Sparktime-unraid-diagnostics-20211228-1801.zip

Link to comment
  • 2 months later...

Ill take a stab at this, what model of Nic? I had a similar issue with Mellanox ConnectX3 MCX312A that I was able to fix.  Duplicate Macs are the result of a bad or improper firmware flash so if you bought them off eBay like that, seller didn't understand how to flash when upgrading firmware :) Basically I just flashed the static Mac and guid again.

 

https://forums.servethehome.com/index.php?threads/mellanox-connectx-3-en-duplicate-permanent-mac-address-issue.24790/

 

Im sure that's probably your issue, though I don't know how to flash HP cards (should be some documentation online)

Link to comment

This could be the problem! When I run a "lshw -class network" command, it says it runs a "MT27520 Family [ConnectX-3 Pro]" chipset, seems quite similar to you card.
I bought it from a friend who took it out of a old company server, we both don't know if its been flashed before. When I'm back home, I'll try and flash the card, if I can find how.
Thanks for the help so far!

Link to comment
9 hours ago, Sparktime said:

This could be the problem! When I run a "lshw -class network" command, it says it runs a "MT27520 Family [ConnectX-3 Pro]" chipset, seems quite similar to you card.
I bought it from a friend who took it out of a old company server, we both don't know if its been flashed before. When I'm back home, I'll try and flash the card, if I can find how.
Thanks for the help so far!

Welp that's a hard no.  I tested with a single port and it flashed fine, put a dual port in and unraid had a hernia. It adds a duplicate Mac every time I reboot so I am going to file a bug report in the bug report section as this hasn't gotten any replies in...almost ever :) I can replicate though, I tested with a dual port sfp+ card and it does indeed have duplicates in the OS.

Link to comment

OK I filed a bug report, its not an unraid issue, still trying to track down how unraid determines the nic as I received conflict information, that unraid does not use the same Mac for multiple interfaces, and yet a clean install assigns 1 Mac for port 1 and 2 Macs for port 2.  ill report back if I find info.  im going to stand up a Debian server to see if I see the same result and that will 100% determine if unraid related. 

 

Edit: see this:

 

Edited by Jclendineng
  • Like 1
Link to comment

Unraid uses "udev" to discover the hardware components of your system, including the installed NICs.

 

Your NIC seems to report the wrong information and issues the same MAC address twice.

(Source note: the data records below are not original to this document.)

(* On $\hat N^{\bullet}_*=\bigcup_{n\ge1}\hat N^n$, with $+_{\nearrow}:=\nearrow$ and $+_{\nwarrow}:=\nwarrow$, the operation $\tilde\ltimes$ and the involution $\dagger$: (i) $\tilde\ltimes$ maps $\hat N^n\times\hat N^m$ into $\hat N^{nm}$, is associative, and is left distributive: $(\vec u+_{\nearrow}\vec v)\tilde\ltimes\vec w=(\vec u\tilde\ltimes\vec w)+_{\nearrow}(\vec v\tilde\ltimes\vec w)$ and $(\vec u+_{\nwarrow}\vec v)\tilde\ltimes\vec w=(\vec u\tilde\ltimes\vec w)+_{\nwarrow}(\vec v\tilde\ltimes\vec w)$; (ii) for all names $\vec u,\vec v$: $(\vec u+_{\nearrow}\vec v)^\dagger=\vec v^\dagger+_{\nwarrow}\vec u^\dagger$, $(\vec u+_{\nwarrow}\vec v)^\dagger=\vec v^\dagger+_{\nearrow}\vec u^\dagger$, and $(\vec u\tilde\ltimes\vec v)^\dagger=\vec u^\dagger\tilde\ltimes\vec v^\dagger$.
   Context: $\hat N^n$ ($n\ge1$) is the set of names of planar rooted binary trees with $n$ internal vertices and $\hat N^0=\{()\}$ (the empty vector, name of the trivial tree). Equivalently, recursively: every element of $\hat N^n$, $n\ge1$, is uniquely of the form $\vec v_l\vee\vec v_r:=(\vec v_l,1,p+1+\vec v_r)$ with $\vec v_l\in\hat N^p$, $\vec v_r\in\hat N^q$, $p+q+1=n$, where $k+(w_1,\dots,w_q)=(w_1+k,\dots,w_q+k)$. For $\vec v\in\hat N^n,\vec w\in\hat N^m$: $\vec v\nearrow\vec w=(\vec v,n\triangleright w_1,\dots,n\triangleright w_m)$ with $n\triangleright a=a+n$ for $a\ne1$, $n\triangleright1=1$; $\vec v\nwarrow\vec w=(\vec v,n+\vec w)$; the empty vector $()$ is a two-sided unit for both. These satisfy $\vec v_l\vee\vec v_r=\vec v_l\nearrow(1)\nwarrow\vec v_r$. Universal expression: for a name $\vec v$ and a name $\vec x$ of degree $\ge1$, $\varpi_{()}(\vec x)=()$ and $\varpi_{\vec v}(\vec x)=\varpi_{\vec v_l}(\vec x)\nearrow\vec x\nwarrow\varpi_{\vec v_r}(\vec x)$ for $\vec v=\vec v_l\vee\vec v_r$. $L$-multiplication: $\vec u\tilde\ltimes\vec v:=\varpi_{\vec u}(\vec v)$. Dendriform involution: $()^\dagger=()$ and $(\vec v\vee\vec w)^\dagger=\vec w^\dagger\vee\vec v^\dagger$. *)

theory Defs
  imports Main
begin

datatype btree = Leaf | Node btree btree

fun nodes :: "btree \<Rightarrow> nat" where
  "nodes Leaf = 0"
| "nodes (Node l r) = nodes l + nodes r + 1"

definition vee :: "nat list \<Rightarrow> nat list \<Rightarrow> nat list" where
  "vee v w = v @ [1] @ map (\<lambda>a. a + (length v + 1)) w"

fun name :: "btree \<Rightarrow> nat list" where
  "name Leaf = []"
| "name (Node l r) = vee (name l) (name r)"

definition hatN :: "nat \<Rightarrow> nat list set" where
  "hatN n = {name t | t. nodes t = n}"

definition Names :: "nat list set" where
  "Names = (\<Union>n. hatN n)"

definition NamesPos :: "nat list set" where
  "NamesPos = (\<Union>n\<in>{1..}. hatN n)"

definition tree_of :: "nat list \<Rightarrow> btree" where
  "tree_of v = (THE t. name t = v)"

definition tri :: "nat \<Rightarrow> nat \<Rightarrow> nat" where
  "tri n a = (if a = 1 then 1 else a + n)"

definition nearrow :: "nat list \<Rightarrow> nat list \<Rightarrow> nat list" where
  "nearrow v w = v @ map (tri (length v)) w"

definition nwarrow :: "nat list \<Rightarrow> nat list \<Rightarrow> nat list" where
  "nwarrow v w = v @ map (\<lambda>a. a + length v) w"

fun varpi_t :: "btree \<Rightarrow> nat list \<Rightarrow> nat list" where
  "varpi_t Leaf x = []"
| "varpi_t (Node l r) x = nwarrow (nearrow (varpi_t l x) x) (varpi_t r x)"

definition varpi :: "nat list \<Rightarrow> nat list \<Rightarrow> nat list" where
  "varpi v x = varpi_t (tree_of v) x"

definition ltimes :: "nat list \<Rightarrow> nat list \<Rightarrow> nat list" where
  "ltimes u v = varpi u v"

text \<open>Dendriform involution: ()^dagger = (), (v \<or> w)^dagger = w^dagger \<or> v^dagger.\<close>
fun mirror :: "btree \<Rightarrow> btree" where
  "mirror Leaf = Leaf"
| "mirror (Node l r) = Node (mirror r) (mirror l)"

definition dagger :: "nat list \<Rightarrow> nat list" where
  "dagger v = name (mirror (tree_of v))"

end

theory Submission
  imports Defs
begin

text \<open>Names encode trees injectively, and under this encoding nearrow and nwarrow are the
graftings over (onto the leftmost leaf) and under (onto the rightmost leaf), while ltimes u v
substitutes the tree of v for every internal vertex of the tree of u. Associativity and left
distributivity of substitution are then structural inductions on trees; the mirror image
exchanges leftmost and rightmost leaves, hence over and under, and commutes with substitution.
Since substituting the trivial tree yields the trivial tree, none of this needs positive degree.\<close>

fun over :: "btree \<Rightarrow> btree \<Rightarrow> btree" where
  "over a Leaf = a"
| "over a (Node l r) = Node (over a l) r"

fun under :: "btree \<Rightarrow> btree \<Rightarrow> btree" where
  "under Leaf b = b"
| "under (Node l r) b = Node l (under r b)"

fun subst_nodes :: "btree \<Rightarrow> btree \<Rightarrow> btree" where
  "subst_nodes Leaf c = Leaf"
| "subst_nodes (Node l r) c = under (over (subst_nodes l c) c) (subst_nodes r c)"

lemma nodes_over [simp]: "nodes (over a b) = nodes a + nodes b"
  by (induction b) auto

lemma nodes_under [simp]: "nodes (under a b) = nodes a + nodes b"
  by (induction a) auto

lemma length_name: "length (name t) = nodes t"
  by (induction t) (auto simp: vee_def)

lemma name_pos: "x \<in> set (name t) \<Longrightarrow> 1 \<le> x"
  by (induction t arbitrary: x) (auto simp: vee_def)

lemma append_Cons_eq_iff_last:
  assumes "x \<notin> set ys" and "x \<notin> set ys'"
  shows "xs @ x # ys = xs' @ x # ys' \<longleftrightarrow> xs = xs' \<and> ys = ys'"
proof
  show "xs @ x # ys = xs' @ x # ys' \<Longrightarrow> xs = xs' \<and> ys = ys'"
  proof (induction xs arbitrary: xs')
    case Nil
    with assms show ?case by (cases xs') auto
  next
    case (Cons a xs)
    with assms show ?case by (cases xs') auto
  qed
qed simp

lemma inj_name: "inj name"
proof (rule injI)
  fix s t :: btree
  show "name s = name t \<Longrightarrow> s = t"
  proof (induction s arbitrary: t)
    case Leaf
    then show ?case by (cases t) (auto simp: vee_def)
  next
    case (Node l r)
    then obtain l' r' where t: "t = Node l' r'"
      by (cases t) (auto simp: vee_def)
    define shift where "shift k = map (\<lambda>a::nat. a + (k + 1))" for k
    have no_1: "1 \<notin> set (shift k (name u))" for k u
      by (auto simp: shift_def dest: name_pos)
    txt \<open>The root contributes the last entry 1 of a name.\<close>
    have "name l @ 1 # shift (length (name l)) (name r)
        = name l' @ 1 # shift (length (name l')) (name r')"
      using Node.prems t by (simp add: vee_def shift_def)
    then have l: "name l = name l'"
      and "shift (length (name l)) (name r) = shift (length (name l')) (name r')"
      unfolding append_Cons_eq_iff_last[OF no_1 no_1] by blast+
    moreover have "inj (\<lambda>a::nat. a + (k + 1))" for k
      by (simp add: inj_def)
    ultimately have "name r = name r'"
      by (simp add: shift_def inj_map_eq_map)
    with l t show ?case
      using Node.IH by blast
  qed
qed

lemma tree_of_name [simp]: "tree_of (name t) = t"
  unfolding tree_of_def using inj_name by (auto dest: injD)

lemma Names_eq: "Names = range name"
  by (auto simp: Names_def hatN_def)

lemma NamesPos_subset_Names: "NamesPos \<subseteq> Names"
  by (auto simp: NamesPos_def Names_def)

lemma nearrow_name: "nearrow (name a) (name b) = name (over a b)"
proof (induction b)
  case Leaf
  then show ?case by (simp add: nearrow_def)
next
  case (Node l r)
  txt \<open>The entries of the right subtree differ from 1, so tri just shifts them.\<close>
  have shift: "map (tri (length (name a))) (map (\<lambda>x. x + (length (name l) + 1)) (name r))
      = map (\<lambda>x. x + (length (name (over a l)) + 1)) (name r)"
    using name_pos[of _ r] by (auto simp: tri_def length_name)
  have "nearrow (name a) (name (Node l r))
      = nearrow (name a) (name l) @ [1]
        @ map (tri (length (name a))) (map (\<lambda>x. x + (length (name l) + 1)) (name r))"
    by (simp add: nearrow_def vee_def tri_def)
  also have "\<dots> = name (over a (Node l r))"
    by (simp only: Node.IH shift) (simp add: vee_def)
  finally show ?case .
qed

lemma nwarrow_name: "nwarrow (name a) (name b) = name (under a b)"
proof (induction a)
  case Leaf
  then show ?case by (simp add: nwarrow_def)
next
  case (Node l r)
  have "name (under (Node l r) b) = vee (name l) (nwarrow (name r) (name b))"
    by (simp add: Node.IH)
  then show ?case
    by (simp add: nwarrow_def vee_def length_name algebra_simps)
qed

lemma ltimes_name: "ltimes (name a) (name b) = name (subst_nodes a b)"
proof -
  have "varpi_t a (name b) = name (subst_nodes a b)"
    by (induction a) (simp_all add: nearrow_name nwarrow_name)
  then show ?thesis
    by (simp add: ltimes_def varpi_def)
qed

lemma dagger_name: "dagger (name a) = name (mirror a)"
  by (simp add: dagger_def)

lemma nodes_subst_nodes: "nodes (subst_nodes a b) = nodes a * nodes b"
  by (induction a) (auto simp: algebra_simps)

lemma over_assoc: "over (over a b) c = over a (over b c)"
  by (induction c) auto

lemma under_assoc: "under (under a b) c = under a (under b c)"
  by (induction a) auto

lemma over_under: "b \<noteq> Leaf \<Longrightarrow> over a (under b c) = under (over a b) c"
  by (cases b) auto

lemma over_eq_Leaf_iff: "over a c = Leaf \<longleftrightarrow> a = Leaf \<and> c = Leaf"
  by (cases c) auto

lemma subst_nodes_Leaf: "subst_nodes a Leaf = Leaf"
  by (induction a) auto

lemma subst_nodes_over: "subst_nodes (over x y) c = over (subst_nodes x c) (subst_nodes y c)"
proof (cases "c = Leaf")
  case True
  then show ?thesis by (simp add: subst_nodes_Leaf)
next
  case False
  then show ?thesis
    by (induction y) (auto simp: over_assoc over_under over_eq_Leaf_iff)
qed

lemma subst_nodes_under: "subst_nodes (under x y) c = under (subst_nodes x c) (subst_nodes y c)"
  by (induction x) (auto simp: under_assoc)

lemma subst_nodes_assoc: "subst_nodes (subst_nodes a b) c = subst_nodes a (subst_nodes b c)"
  by (induction a) (auto simp: subst_nodes_over subst_nodes_under)

lemma mirror_over: "mirror (over a b) = under (mirror b) (mirror a)"
  by (induction b) auto

lemma mirror_under: "mirror (under a b) = over (mirror b) (mirror a)"
  by (induction a) auto

lemma mirror_eq_Leaf_iff: "mirror b = Leaf \<longleftrightarrow> b = Leaf"
  by (cases b) auto

lemma mirror_subst_nodes: "mirror (subst_nodes a b) = subst_nodes (mirror a) (mirror b)"
proof (cases "b = Leaf")
  case True
  then show ?thesis by (simp add: subst_nodes_Leaf)
next
  case False
  then show ?thesis
    by (induction a) (auto simp: mirror_over mirror_under over_under mirror_eq_Leaf_iff)
qed

theorem mainTheorem8:
  shows "(\<forall>n m u v. n \<ge> 1 \<longrightarrow> m \<ge> 1 \<longrightarrow> u \<in> hatN n \<longrightarrow> v \<in> hatN m
            \<longrightarrow> ltimes u v \<in> hatN (n * m))
    \<and> (\<forall>u\<in>NamesPos. \<forall>v\<in>NamesPos. \<forall>w\<in>NamesPos.
            ltimes (ltimes u v) w = ltimes u (ltimes v w))
    \<and> (\<forall>u\<in>NamesPos. \<forall>v\<in>NamesPos. \<forall>w\<in>NamesPos.
            ltimes (nearrow u v) w = nearrow (ltimes u w) (ltimes v w)
          \<and> ltimes (nwarrow u v) w = nwarrow (ltimes u w) (ltimes v w))
    \<and> (\<forall>u\<in>Names. \<forall>v\<in>Names.
            dagger (nearrow u v) = nwarrow (dagger v) (dagger u)
          \<and> dagger (nwarrow u v) = nearrow (dagger v) (dagger u)
          \<and> dagger (ltimes u v) = ltimes (dagger u) (dagger v))"
proof (intro conjI allI impI)
  show "ltimes u v \<in> hatN (n * m)" if "u \<in> hatN n" "v \<in> hatN m" for n m u v
    using that by (auto simp: hatN_def ltimes_name nodes_subst_nodes)
  have NamesPos_E: "u \<in> NamesPos \<Longrightarrow> \<exists>a. u = name a" for u
    using NamesPos_subset_Names by (auto simp: Names_eq)
  show "\<forall>u\<in>NamesPos. \<forall>v\<in>NamesPos. \<forall>w\<in>NamesPos.
      ltimes (ltimes u v) w = ltimes u (ltimes v w)"
    by (auto dest!: NamesPos_E simp: ltimes_name subst_nodes_assoc)
  show "\<forall>u\<in>NamesPos. \<forall>v\<in>NamesPos. \<forall>w\<in>NamesPos.
      ltimes (nearrow u v) w = nearrow (ltimes u w) (ltimes v w)
    \<and> ltimes (nwarrow u v) w = nwarrow (ltimes u w) (ltimes v w)"
    by (auto dest!: NamesPos_E simp: ltimes_name nearrow_name nwarrow_name
        subst_nodes_over subst_nodes_under)
  show "\<forall>u\<in>Names. \<forall>v\<in>Names.
      dagger (nearrow u v) = nwarrow (dagger v) (dagger u)
    \<and> dagger (nwarrow u v) = nearrow (dagger v) (dagger u)
    \<and> dagger (ltimes u v) = ltimes (dagger u) (dagger v)"
    by (auto simp: Names_eq dagger_name nearrow_name nwarrow_name ltimes_name
        mirror_over mirror_under mirror_subst_nodes)
qed

end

See if a firmware update exists for your NIC.

 

Link to comment

Finally had time to fiddle with the NIC again. 
Did a firmware upgrade to the latest with Ich777`s Mellanox Firmware Tools as suggested, sadly Unraid still reports a extra port/MAC address.
mstflint only reports 2 MAC addresses which should be correct. I can manually disable the port from the network-rules.cfg but this is quite the pain and shouldn't be the answer.

 

@Jclendineng Any luck with the Debian instance? Unfortunately I don't have a spare server to try this card in.

 

Link to comment
  • 1 month later...

This is definitely an issue I'd love to see an answer for, or in the least a sustainable workaround.

Alas, every time I see this issue raised, I see the response "Update your firmware".

 

I've documented my issues quite well on this forum (As linked above), and how I've tried to workaround it, but it seems to be hoops that I have to jump through after each reboot.

Not a great solution for an automated headless remote server.

 

I'd also appreciate to see what the results of the Debian server test are, if you got around to it.

Link to comment
On 5/10/2022 at 3:40 AM, KptnKMan said:

This is definitely an issue I'd love to see an answer for, or in the least a sustainable workaround.

Alas, every time I see this issue raised, I see the response "Update your firmware".

 

I've documented my issues quite well on this forum (As linked above), and how I've tried to workaround it, but it seems to be hoops that I have to jump through after each reboot.

Not a great solution for an automated headless remote server.

 

I'd also appreciate to see what the results of the Debian server test are, if you got around to it.

I just don't touch it and it seems to work OK. Still shows multiple dupes but that's fine as long as you don't try re-arranging them it works.

Link to comment
14 hours ago, Jclendineng said:

I just don't touch it and it seems to work OK. Still shows multiple dupes but that's fine as long as you don't try re-arranging them it works.

I wish I was happy with that, I'm basically in the same position, I've just left it alone and not touched it.

But it means I cannot setup any complex networking until it is solved, because I want to setup interface failover on my servers, but I can't because of this instability.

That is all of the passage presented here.